◆ Task details ◆
Transcribe verbatim every line from the line containing "proof (rule ccontr)" to the end of the entries, including both endpoints. Output nothing beyond those lines.

◆ Material provided ◆
(* Let $G$ be a connected graph with $n$ vertices and $m$ edges. If $m\ge 2n^{3/2}$, then $\frac{q(G)}{R(G)}<\frac{n}{\sqrt{n-1}}$.
   Context: All graphs are finite and simple. For a vertex $u$, $d(u)$ is its degree. The Randić index is $R(G)=\sum_{\{u,v\}\in E(G)} \frac{1}{\sqrt{d(u)d(v)}}$. The signless Laplacian is $Q=D+A$ ($D$ the diagonal degree matrix, $A$ the adjacency matrix), and $q(G)$ is its largest eigenvalue. *)

theory Defs
  imports "HOL-Analysis.Analysis"
begin

definition simple_graph :: "'a set \<Rightarrow> 'a set set \<Rightarrow> bool" where
  "simple_graph V E \<longleftrightarrow> finite V \<and> (\<forall>e\<in>E. \<exists>u v. u \<in> V \<and> v \<in> V \<and> u \<noteq> v \<and> e = {u, v})"

definition adj :: "'a set set \<Rightarrow> 'a \<Rightarrow> 'a \<Rightarrow> bool" where
  "adj E u v \<longleftrightarrow> {u, v} \<in> E"

definition connected_graph :: "'a set \<Rightarrow> 'a set set \<Rightarrow> bool" where
  "connected_graph V E \<longleftrightarrow> V \<noteq> {} \<and>
     (\<forall>u\<in>V. \<forall>v\<in>V. (u, v) \<in> {(x, y). adj E x y}\<^sup>*)"

definition degree :: "'a set \<Rightarrow> 'a set set \<Rightarrow> 'a \<Rightarrow> nat" where
  "degree V E u = card {v \<in> V. adj E u v}"

definition randic :: "'a set \<Rightarrow> 'a set set \<Rightarrow> real" where
  "randic V E = (\<Sum>e\<in>E. (THE r. \<exists>u v. e = {u, v} \<and> u \<noteq> v \<and>
        r = 1 / sqrt (real (degree V E u) * real (degree V E v))))"

definition signless_laplacian :: "'a set \<Rightarrow> 'a set set \<Rightarrow> 'a \<Rightarrow> 'a \<Rightarrow> real" where
  "signless_laplacian V E u w =
     (if u = w then real (degree V E u) else 0) + (if adj E u w then 1 else 0)"

definition is_Q_eigenvalue :: "'a set \<Rightarrow> 'a set set \<Rightarrow> real \<Rightarrow> bool" where
  "is_Q_eigenvalue V E lam \<longleftrightarrow> (\<exists>x :: 'a \<Rightarrow> real. (\<exists>v\<in>V. x v \<noteq> 0) \<and>
     (\<forall>u\<in>V. (\<Sum>w\<in>V. signless_laplacian V E u w * x w) = lam * x u))"

text \<open>q(G): the largest eigenvalue of Q (Q is real symmetric, so all eigenvalues are real).\<close>
definition q_index :: "'a set \<Rightarrow> 'a set set \<Rightarrow> real" where
  "q_index V E = Max {lam. is_Q_eigenvalue V E lam}"

end

theory Submission
  imports Defs "Jordan_Normal_Form.Spectral_Radius"
begin

text \<open>
  Every eigenvalue of \<open>Q\<close> is bounded in modulus by the largest row sum of \<open>\<bar>Q\<bar>\<close>, which is
  \<open>2 d(u) \<le> 2(n - 1)\<close>; so \<open>q(G) \<le> 2(n - 1)\<close>. Every edge contributes at least \<open>1/(n - 1)\<close> to
  \<open>R(G)\<close>, so \<open>R(G) \<ge> m/(n - 1)\<close>. Hence \<open>q/R \<le> 2(n - 1)\<^sup>2/m \<le> (n - 1)\<^sup>2/n powr (3/2) < n/\<surd>(n - 1)\<close>.
  The one non-elementary point is that \<open>q(G)\<close>, a maximum over the eigenvalues, is attained:
  a real symmetric matrix has finitely many eigenvalues and at least one real one.
\<close>

definition eigenvalue_on :: "'a set \<Rightarrow> ('a \<Rightarrow> 'a \<Rightarrow> 'b::comm_ring_1) \<Rightarrow> 'b \<Rightarrow> bool" where
  "eigenvalue_on V M k \<longleftrightarrow> (\<exists>x. (\<exists>v\<in>V. x v \<noteq> 0) \<and> (\<forall>u\<in>V. (\<Sum>w\<in>V. M u w * x w) = k * x u))"

lemma is_Q_eigenvalue_iff: "is_Q_eigenvalue V E lam \<longleftrightarrow> eigenvalue_on V (signless_laplacian V E) lam"
  unfolding is_Q_eigenvalue_def eigenvalue_on_def ..

lemma eigenvalue_on_iff_eigenvalue_mat:
  fixes M :: "'a \<Rightarrow> 'a \<Rightarrow> 'b::comm_ring_1"
  assumes f: "bij_betw f {0..<n} V"
  shows "eigenvalue_on V M k \<longleftrightarrow> eigenvalue (mat n n (\<lambda>(i, j). M (f i) (f j))) k"
proof -
  define A where "A = mat n n (\<lambda>(i, j). M (f i) (f j))"
  have A: "A \<in> carrier_mat n n"
    by (simp add: A_def)
  define g where "g = the_inv_into {0..<n} f"
  have gf: "g (f i) = i" if "i < n" for i
    using f that unfolding g_def bij_betw_def by (simp add: the_inv_into_f_f)
  have g: "bij_betw g V {0..<n}"
    using f unfolding g_def by (rule bij_betw_the_inv_into)
  have fg: "f (g u) = u" "g u < n" if "u \<in> V" for u
    using f g that unfolding g_def by (auto simp: f_the_inv_into_f_bij_betw dest: bij_betwE)
  have fV: "f i \<in> V" if "i < n" for i
    using f that by (auto dest: bij_betwE)
  have reindex: "(\<Sum>w\<in>V. h w) = (\<Sum>j<n. h (f j))" for h :: "'a \<Rightarrow> 'b"
    using sum.reindex_bij_betw[OF f, of h] by (simp add: atLeast0LessThan)
  have mult_A: "(A *\<^sub>v y) $ i = (\<Sum>w\<in>V. M (f i) w * y $ g w)"
    if "y \<in> carrier_vec n" "i < n" for y i
    using that by (simp add: A_def scalar_prod_def reindex gf atLeast0LessThan)
  show ?thesis
    unfolding A_def[symmetric]
  proof
    assume "eigenvalue_on V M k"
    then obtain x v where v: "v \<in> V" "x v \<noteq> 0" and x: "\<forall>u\<in>V. (\<Sum>w\<in>V. M u w * x w) = k * x u"
      unfolding eigenvalue_on_def by blast
    define y where "y = vec n (\<lambda>i. x (f i))"
    have y: "y \<in> carrier_vec n" by (simp add: y_def)
    have "y $ g v \<noteq> 0" using v fg by (simp add: y_def)
    then have y0: "y \<noteq> 0\<^sub>v n" using fg(2)[OF v(1)] by auto
    have "(A *\<^sub>v y) $ i = k * y $ i" if "i < n" for i
    proof -
      have "(A *\<^sub>v y) $ i = (\<Sum>w\<in>V. M (f i) w * y $ g w)"
        by (rule mult_A[OF y that])
      also have "\<dots> = (\<Sum>w\<in>V. M (f i) w * x w)"
        by (rule sum.cong) (simp_all add: y_def fg)
      also have "\<dots> = k * y $ i"
        using that fV x by (simp add: y_def)
      finally show ?thesis .
    qed
    then have "A *\<^sub>v y = k \<cdot>\<^sub>v y"
      using y A by (intro eq_vecI) auto
    then show "eigenvalue A k"
      using y y0 by (auto simp: eigenvalue_def eigenvector_def A_def)
  next
    assume "eigenvalue A k"
    then obtain y where y: "y \<in> carrier_vec n" "y \<noteq> 0\<^sub>v n" and Ay: "A *\<^sub>v y = k \<cdot>\<^sub>v y"
      by (auto simp: eigenvalue_def eigenvector_def A_def)
    obtain i where i: "i < n" "y $ i \<noteq> 0"
    proof (rule ccontr)
      assume "\<not> thesis"
      then have "y = 0\<^sub>v n"
        using y(1) that by (intro eq_vecI) auto
      with y(2) show False ..
    qed
    have "(\<Sum>w\<in>V. M u w * y $ g w) = k * y $ g u" if u: "u \<in> V" for u
    proof -
      have "(\<Sum>w\<in>V. M u w * y $ g w) = (A *\<^sub>v y) $ g u"
        using mult_A[OF y(1) fg(2)[OF u]] fg(1)[OF u] by simp
      also have "\<dots> = k * y $ g u"
        using Ay fg(2)[OF u] y(1) by simp
      finally show ?thesis .
    qed
    moreover have "y $ g (f i) \<noteq> 0"
      using i gf by simp
    ultimately show "eigenvalue_on V M k"
      unfolding eigenvalue_on_def using fV[OF i(1)] by (intro exI[of _ "\<lambda>w. y $ g w"]) blast
  qed
qed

◆ Result of the task ◆
    proof (rule ccontr)
      assume "\<not> thesis"
      then have "y = 0\<^sub>v n"
        using y(1) that by (intro eq_vecI) auto
      with y(2) show False ..
    qed
    have "(\<Sum>w\<in>V. M u w * y $ g w) = k * y $ g u" if u: "u \<in> V" for u
    proof -
      have "(\<Sum>w\<in>V. M u w * y $ g w) = (A *\<^sub>v y) $ g u"
        using mult_A[OF y(1) fg(2)[OF u]] fg(1)[OF u] by simp
      also have "\<dots> = k * y $ g u"
        using Ay fg(2)[OF u] y(1) by simp
      finally show ?thesis .
    qed
    moreover have "y $ g (f i) \<noteq> 0"
      using i gf by simp
    ultimately show "eigenvalue_on V M k"
      unfolding eigenvalue_on_def using fV[OF i(1)] by (intro exI[of _ "\<lambda>w. y $ g w"]) blast
  qed
qed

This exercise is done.